Task details -> Nothing but the lines from the start of the records below through the line that has "t c' d' \<omega>) \<and>" should appear, each exactly as given.

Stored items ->
Start of Block
lemma expectation_past_mult_rect_incrs:
  assumes "0 \<le> s" "s \<le> t" "c \<le> d" "c' \<le> d'" "Z \<in> borel_measurable (F s)" "integrable M Z"
  shows "integrable M (\<lambda>\<omega>. Z \<omega> * R s t c d \<omega> * R s t c' d' \<omega>)"
    "expectation (\<lambda>\<omega>. Z \<omega> * R s t c d \<omega> * R s t c' d' \<omega>) = expectation Z * ((t - s) * overlap c d c' d')"
proof -
  have "integrable M (\<lambda>\<omega>. Z \<omega> * R s t c d \<omega> * R s t c' d' \<omega>) \<and>
    expectation (\<lambda>\<omega>. Z \<omega> * R s t c d \<omega> * R s t c' d' \<omega>) = expectation Z * ((t - s) * overlap c d c' d')"
  proof (cases "c \<le> c'")
    case True
    then show ?thesis using expectation_past_mult_rect_incrs_ordered assms by blast
  next
    case False
    have "(\<lambda>\<omega>. Z \<omega> * R s t c' d' \<omega> * R s t c d \<omega>) = (\<lambda>\<omega>. Z \<omega> * R s t c d \<omega> * R s t c' d' \<omega>)"
      by (simp add: fun_eq_iff mult_ac)
    then show ?thesis
      using expectation_past_mult_rect_incrs_ordered[OF assms(1,2,4,3) _ assms(5,6)] False
      by (simp add: overlap_commute)
  qed
  then show "integrable M (\<lambda>\<omega>. Z \<omega> * R s t c d \<omega> * R s t c' d' \<omega>)"
    "expectation (\<lambda>\<omega>. Z \<omega> * R s t c d \<omega> * R s t c' d' \<omega>) = expectation Z * ((t - s) * overlap c d c' d')"
    by auto
qed

lemma expectation_past_mult_successive_rect_incrs:
  assumes "0 \<le> p" "p \<le> q" "q \<le> r" "r \<le> t" "e \<le> f" "e' \<le> f'"
    and "\<eta> \<in> borel_measurable (F r)" "\<forall>\<omega>\<in>space M. \<bar>\<eta> \<omega>\<bar> \<le> B"
  shows "integrable M (\<lambda>\<omega>. \<eta> \<omega> * R p q e f \<omega> * R r t e' f' \<omega>) \<and>
    expectation (\<lambda>\<omega>. \<eta> \<omega> * R p q e f \<omega> * R r t e' f' \<omega>) = 0"
proof -
  have "(\<lambda>\<omega>. \<eta> \<omega> * R p q e f \<omega>) \<in> borel_measurable (F r)"
    using assms(7) measurable_F_mono[OF assms(3) rect_incr_measurable_F[OF assms(1,2)]]
    by (intro borel_measurable_times)
  moreover have "integrable M (\<lambda>\<omega>. \<eta> \<omega> * R p q e f \<omega>)"
    using integrable_bounded_mult[OF rect_incr_mean(1)[OF assms(1,2,5)]
        measurable_F_imp_measurable[OF assms(7)] assms(8)] .
  ultimately show ?thesis
    using expectation_past_mult_rect_incr[of r t e' f' "\<lambda>\<omega>. \<eta> \<omega> * R p q e f \<omega>"] assms by simp
qed

text \<open>Split the earlier time interval at the start a' of the later one, and the remaining overlap
  at its end: only the common time slab survives, with the spatial covariance computed above.\<close>

lemma expectation_bounded_mult_rect_incrs_ordered:
  assumes "0 \<le> a" "a \<le> b" "c \<le> d" "a \<le> a'" "a' \<le> b'" "c' \<le> d'"
    and \<eta>: "\<eta> \<in> borel_measurable (F a')" "\<forall>\<omega>\<in>space M. \<bar>\<eta> \<omega>\<bar> \<le> B"
  shows "integrable M (\<lambda>\<omega>. \<eta> \<omega> * R a b c d \<omega> * R a' b' c' d' \<omega>) \<and>
    expectation (\<lambda>\<omega>. \<eta> \<omega> * R a b c d \<omega> * R a' b' c' d' \<omega>) =
      expectation \<eta> * (overlap a b a' b' * overlap c d c' d')"
proof -
  have \<eta>_later: "\<eta> \<in> borel_measurable (F r)" if "a' \<le> r" for r
    using measurable_F_mono[OF that \<eta>(1)] .
  have \<eta>_integrable: "integrable M \<eta>"
    using integrable_bounded[OF measurable_F_imp_measurable[OF \<eta>(1)] \<eta>(2)] .
  note successive = expectation_past_mult_successive_rect_incrs[OF _ _ _ _ _ _ \<eta>_later \<eta>(2)]
  have same_time: "integrable M (\<lambda>\<omega>. \<eta> \<omega> * R p q c d \<omega> * R p q c' d' \<omega>) \<and>
      expectation (\<lambda>\<omega>. \<eta> \<omega> * R p q c d \<omega> * R p q c' d' \<omega>) = expectation \<eta> * ((q - p) * overlap c d c' d')"
    if "a' \<le> p" "p \<le> q" for p q
    using expectation_past_mult_rect_incrs[OF _ that(2) assms(3,6) \<eta>_later[OF that(1)] \<eta>_integrable]
      that assms by simp
  show ?thesis
  proof (cases "b \<le> a'")
    case True
    then have "overlap a b a' b' = 0" by (simp add: overlap_def)
    then show ?thesis using successive[of a b a' b' c d c' d'] True assms by simp
  next
    case False
    show ?thesis
    proof (cases "b \<le> b'")
      case True
      have split: "(\<lambda>\<omega>. \<eta> \<omega> * R a b c d \<omega> * R a' b' c' d' \<omega>) = (\<lambda>\<omega>.
        (\<eta> \<omega> * R a a' c d \<omega> * R a' b c' d' \<omega> + \<eta> \<omega> * R a a' c d \<omega> * R b b' c' d' \<omega>) +
        (\<eta> \<omega> * R a' b c d \<omega> * R a' b c' d' \<omega> + \<eta> \<omega> * R a' b c d \<omega> * R b b' c' d' \<omega>))"
        by (simp add: fun_eq_iff rect_incr_def algebra_simps)
      have "overlap a b a' b' = b - a'" using True False assms by (simp add: overlap_def)
      then show ?thesis unfolding split
        using successive[of a a' a' b c d c' d'] successive[of a a' b b' c d c' d']
          successive[of a' b b b' c d c' d'] same_time[of a' b] False True assms
        by (simp add: mult_ac)
    next
      case False2: False
      have split: "(\<lambda>\<omega>. \<eta> \<omega> * R a b c d \<omega> * R a' b' c' d' \<omega>) = (\<lambda>\<omega>.
        (\<eta> \<omega> * R a a' c d \<omega> * R a' b' c' d' \<omega> + \<eta> \<omega> * R a' b' c d \<omega> * R a' b' c' d' \<omega>) +
        \<eta> \<omega> * R a' b' c' d' \<omega> * R b' b c d \<omega>)"
        by (simp add: fun_eq_iff rect_incr_def algebra_simps)
      have "overlap a b a' b' = b' - a'" using False2 False assms by (simp add: overlap_def)
      then show ?thesis unfolding split
        using successive[of a a' a' b' c d c' d'] successive[of a' b' b' b c' d' c d]
          same_time[of a' b'] False2 assms
        by (simp add: mult_ac)
    qed
  qed
qed

lemma expectation_simple_terms_product:
  assumes "0 \<le> a" "a \<le> b" "c \<le> d" "0 \<le> a'" "a' \<le> b'" "c' \<le> d'"
    and \<xi>: "\<xi> \<in> borel_measurable (F a)" "\<forall>\<omega>\<in>space M. \<bar>\<xi> \<omega>\<bar> \<le> B"
    and \<xi>': "\<xi>' \<in> borel_measurable (F a')" "\<forall>\<omega>\<in>space M. \<bar>\<xi>' \<omega>\<bar> \<le> B'"
  shows "integrable M (\<lambda>\<omega>. \<xi> \<omega> * \<xi>' \<omega> * R a b c d \<omega> * R a' b' c' d' \<omega>) \<and>
    expectation (\<lambda>\<omega>. \<xi> \<omega> * \<xi>' \<omega> * R a b c d \<omega> * R a' b' c' d' \<omega>) =
      expectation (\<lambda>\<omega>. \<xi> \<omega> * \<xi>' \<omega>) * (overlap a b a' b' * overlap c d c' d')"
proof -
  have bound: "\<forall>\<omega>\<in>space M. \<bar>\<xi> \<omega> * \<xi>' \<omega>\<bar> \<le> B * B'"
    using bounded_mult[OF \<xi>(2) \<xi>'(2)] .
  have product_measurable: "(\<lambda>\<omega>. \<xi> \<omega> * \<xi>' \<omega>) \<in> borel_measurable (F (max a a'))"
    using measurable_F_mono[OF _ \<xi>(1), of "max a a'"] measurable_F_mono[OF _ \<xi>'(1), of "max a a'"]
    by (intro borel_measurable_times) auto
  show ?thesis
  proof (cases "a \<le> a'")
    case True
    with product_measurable show ?thesis
      using expectation_bounded_mult_rect_incrs_ordered[OF assms(1-3) True assms(5,6) _ bound]
      by (simp add: max_def mult.assoc)
  next
    case False
    have "(\<lambda>\<omega>. \<xi> \<omega> * \<xi>' \<omega> * R a b c d \<omega> * R a' b' c' d' \<omega>)
        = (\<lambda>\<omega>. (\<xi> \<omega> * \<xi>' \<omega>) * R a' b' c' d' \<omega> * R a b c d \<omega>)"
      by (simp add: fun_eq_iff mult_ac)
    with product_measurable show ?thesis
      using expectation_bounded_mult_rect_incrs_ordered[OF assms(4-6) _ assms(2,3) _ bound] False
      by (simp add: max_def overlap_commute mult_ac)
  qed
qed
End of Block
Exercise solution ->
lemma expectation_past_mult_rect_incrs:
  assumes "0 \<le> s" "s \<le> t" "c \<le> d" "c' \<le> d'" "Z \<in> borel_measurable (F s)" "integrable M Z"
  shows "integrable M (\<lambda>\<omega>. Z \<omega> * R s t c d \<omega> * R s t c' d' \<omega>)"
    "expectation (\<lambda>\<omega>. Z \<omega> * R s t c d \<omega> * R s t c' d' \<omega>) = expectation Z * ((t - s) * overlap c d c' d')"
proof -
  have "integrable M (\<lambda>\<omega>. Z \<omega> * R s t c d \<omega> * R s t c' d' \<omega>) \<and>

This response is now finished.